Most ways of letting an LLM drive a browser hand it a screenshot and ask it to guess where to click. That burns vision tokens and breaks the moment a layout shifts. This server takes the opposite route: it feeds the model Playwright's accessibility tree, so the page arrives as named, structured elements the LLM can reference directly. Actions become deterministic rather than coordinate-guessing — which is also why the same logic powers self-healing tests.
What Sets It Apart
- Accessibility-tree snapshots instead of pixels mean no vision model is required and token cost stays low — the model works from text the way a screen reader would.

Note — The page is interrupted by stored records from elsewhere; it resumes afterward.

lemma rk_ge_at_succ:
  assumes W: "Well_order W" and v: "(v, w) \<in> W - Id"
    and v_max: "\<forall>u. (u, w) \<in> W - Id \<longrightarrow> (u, v) \<in> W"
  shows "rk_ge_at r W w F \<longleftrightarrow>
    (\<forall>rB. prime_ext r F rB \<longrightarrow> (\<exists>C. realization r F rB C \<and> rk_ge_at r W v C))"
proof -
  have wf: "wf (W - Id)" and "antisym W" using W by (auto simp: order_on_defs)
  have "\<not> (\<forall>v. (v, w) \<notin> W - Id)"
    and "\<exists>v. (v, w) \<in> W - Id \<and> (\<forall>u. (u, w) \<in> W - Id \<longrightarrow> (u, v) \<in> W)"
    using v v_max by blast+
  then have "rk_ge_at r W w F \<longleftrightarrow>
    (\<exists>v. (v, w) \<in> W - Id \<and> (\<forall>u. (u, w) \<in> W - Id \<longrightarrow> (u, v) \<in> W) \<and>
       (\<forall>rB. prime_ext r F rB \<longrightarrow> (\<exists>C. realization r F rB C \<and> rk_ge_at r W v C)))"
    by (simp only: rk_ge_at_unfold[OF wf, of r w F] if_False if_True)
  moreover have "v' = v" if "(v', w) \<in> W - Id" "\<forall>u. (u, w) \<in> W - Id \<longrightarrow> (u, v') \<in> W" for v'
    using that v v_max \<open>antisym W\<close> by (meson antisymD)
  ultimately show ?thesis using v v_max by blast
qed

lemma rk_ge_at_limit:
  assumes W: "Well_order W"
    and no_max: "\<not> (\<exists>v. (v, w) \<in> W - Id \<and> (\<forall>u. (u, w) \<in> W - Id \<longrightarrow> (u, v) \<in> W))"
  shows "rk_ge_at r W w F \<longleftrightarrow> (\<forall>v. (v, w) \<in> W - Id \<longrightarrow> rk_ge_at r W v F)"
proof -
  have wf: "wf (W - Id)" using W by (simp add: order_on_defs)
  show ?thesis
  proof (cases "\<forall>v. (v, w) \<notin> W - Id")
    case True
    then show ?thesis unfolding rk_ge_at_unfold[OF wf, of r w F] if_P[OF True] by blast
  next
    case False
    show ?thesis unfolding rk_ge_at_unfold[OF wf, of r w F] if_not_P[OF False] if_not_P[OF no_max]
      by (rule refl)
  qed
qed

locale rank_function =
  fixes r :: "'a rel" and Ref :: "'q rel" and R :: "'a set \<Rightarrow> 'q"
  assumes lin: "Linear_order r" and wo: "Well_order Ref"
    and extend: "\<And>F P q. finite F \<Longrightarrow> F \<subseteq> Field r \<Longrightarrow> is_cut r F P \<Longrightarrow> (q, R F) \<in> Ref - Id \<Longrightarrow>
      \<exists>c \<in> Field r - F. in_gap r F P c \<and> (q, R (insert c F)) \<in> Ref"
    and drop: "\<And>F. finite F \<Longrightarrow> F \<subseteq> Field r \<Longrightarrow> \<exists>P. is_cut r F P \<and>
      (\<forall>c \<in> Field r - F. in_gap r F P c \<longrightarrow> (R (insert c F), R F) \<in> Ref - Id)"
begin

lemma all_prime_ext_realized_iff_ordLess:
  assumes Z: "Well_order Z" and F: "finite F" "F \<subseteq> Field r"
    and Q: "\<And>C. finite C \<Longrightarrow> C \<subseteq> Field r \<Longrightarrow> Q C \<longleftrightarrow> Z \<le>o init_seg Ref (R C)"
  shows "(\<forall>rB. prime_ext r F rB \<longrightarrow> (\<exists>C. realization r F rB C \<and> Q C)) \<longleftrightarrow>
    Z <o init_seg Ref (R F)"
proof
  assume realized: "\<forall>rB. prime_ext r F rB \<longrightarrow> (\<exists>C. realization r F rB C \<and> Q C)"
  obtain P where P: "is_cut r F P"
    and P_drop: "\<forall>c \<in> Field r - F. in_gap r F P c \<longrightarrow> (R (insert c F), R F) \<in> Ref - Id"
    using drop[OF F] by blast
  obtain B where B: "prime_ext r F B" and B_P: "\<forall>x\<in>F. (Some x, None) \<in> B \<longleftrightarrow> P x"
    using prime_ext_of_cut[OF lin F(2) P] by blast
  obtain C where "realization r F B C" and "Q C" using realized B by blast
  then obtain c where c: "c \<in> Field r - F" "C = insert c F"
    and "in_gap r F (\<lambda>x. (Some x, None) \<in> B) c"
    using realization_in_gap[OF B] by blast
  then have "in_gap r F P c" using B_P by (simp add: in_gap_def)
  then have "init_seg Ref (R C) <o init_seg Ref (R F)"
    using P_drop c init_seg_ordLess_mono[OF wo] by blast
  moreover have "Z \<le>o init_seg Ref (R C)" using Q[of C] \<open>Q C\<close> c F by blast
  ultimately show "Z <o init_seg Ref (R F)" using ordLeq_ordLess_trans by blast
next
  assume "Z <o init_seg Ref (R F)"
  then obtain q where q: "(q, R F) \<in> Ref - Id" and Zq: "Z =o init_seg Ref q"
    using ordLess_init_seg_ordIso[OF wo Z] by blast
  show "\<forall>rB. prime_ext r F rB \<longrightarrow> (\<exists>C. realization r F rB C \<and> Q C)"
  proof (intro allI impI)
    fix rB assume rB: "prime_ext r F rB"
    obtain c where c: "c \<in> Field r - F" and gap: "in_gap r F (\<lambda>x. (Some x, None) \<in> rB) c"
      and qc: "(q, R (insert c F)) \<in> Ref"
      using extend[OF F prime_ext_is_cut[OF rB] q] by blast
    have "Z \<le>o init_seg Ref (R (insert c F))"
      using Zq init_seg_ordLeq_mono[OF wo qc] ordIso_ordLeq_trans by blast
    then have "Q (insert c F)" using Q[of "insert c F"] F c by blast
    moreover have "realization r F rB (insert c F)"
      using in_gap_realization[OF lin F(2) rB c gap] .
    ultimately show "\<exists>C. realization r F rB C \<and> Q C" by blast
  qed
qed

- Clicks and types target semantic elements by role and name, so they survive layout changes that would defeat coordinate-based automation.
- It runs as a standard MCP server, so it drops into VS Code, Cursor, Claude Desktop, and other MCP clients without per-client glue code.
- Persistent browser context lets one session carry state across many steps, suiting long-running autonomous workflows rather than one-shot scrapes.
Who It's For And The Trade-offs
A great fit if you want an agent that explores web apps, repairs flaky tests, or runs multi-step browsing reliably across a stable, accessible DOM. Look elsewhere if your target relies on canvas-rendered or visually-encoded content with no accessibility metadata — there the structured-snapshot approach has little to read, and a screenshot-based tool may capture more. It also assumes you are comfortable running a browser process alongside your agent.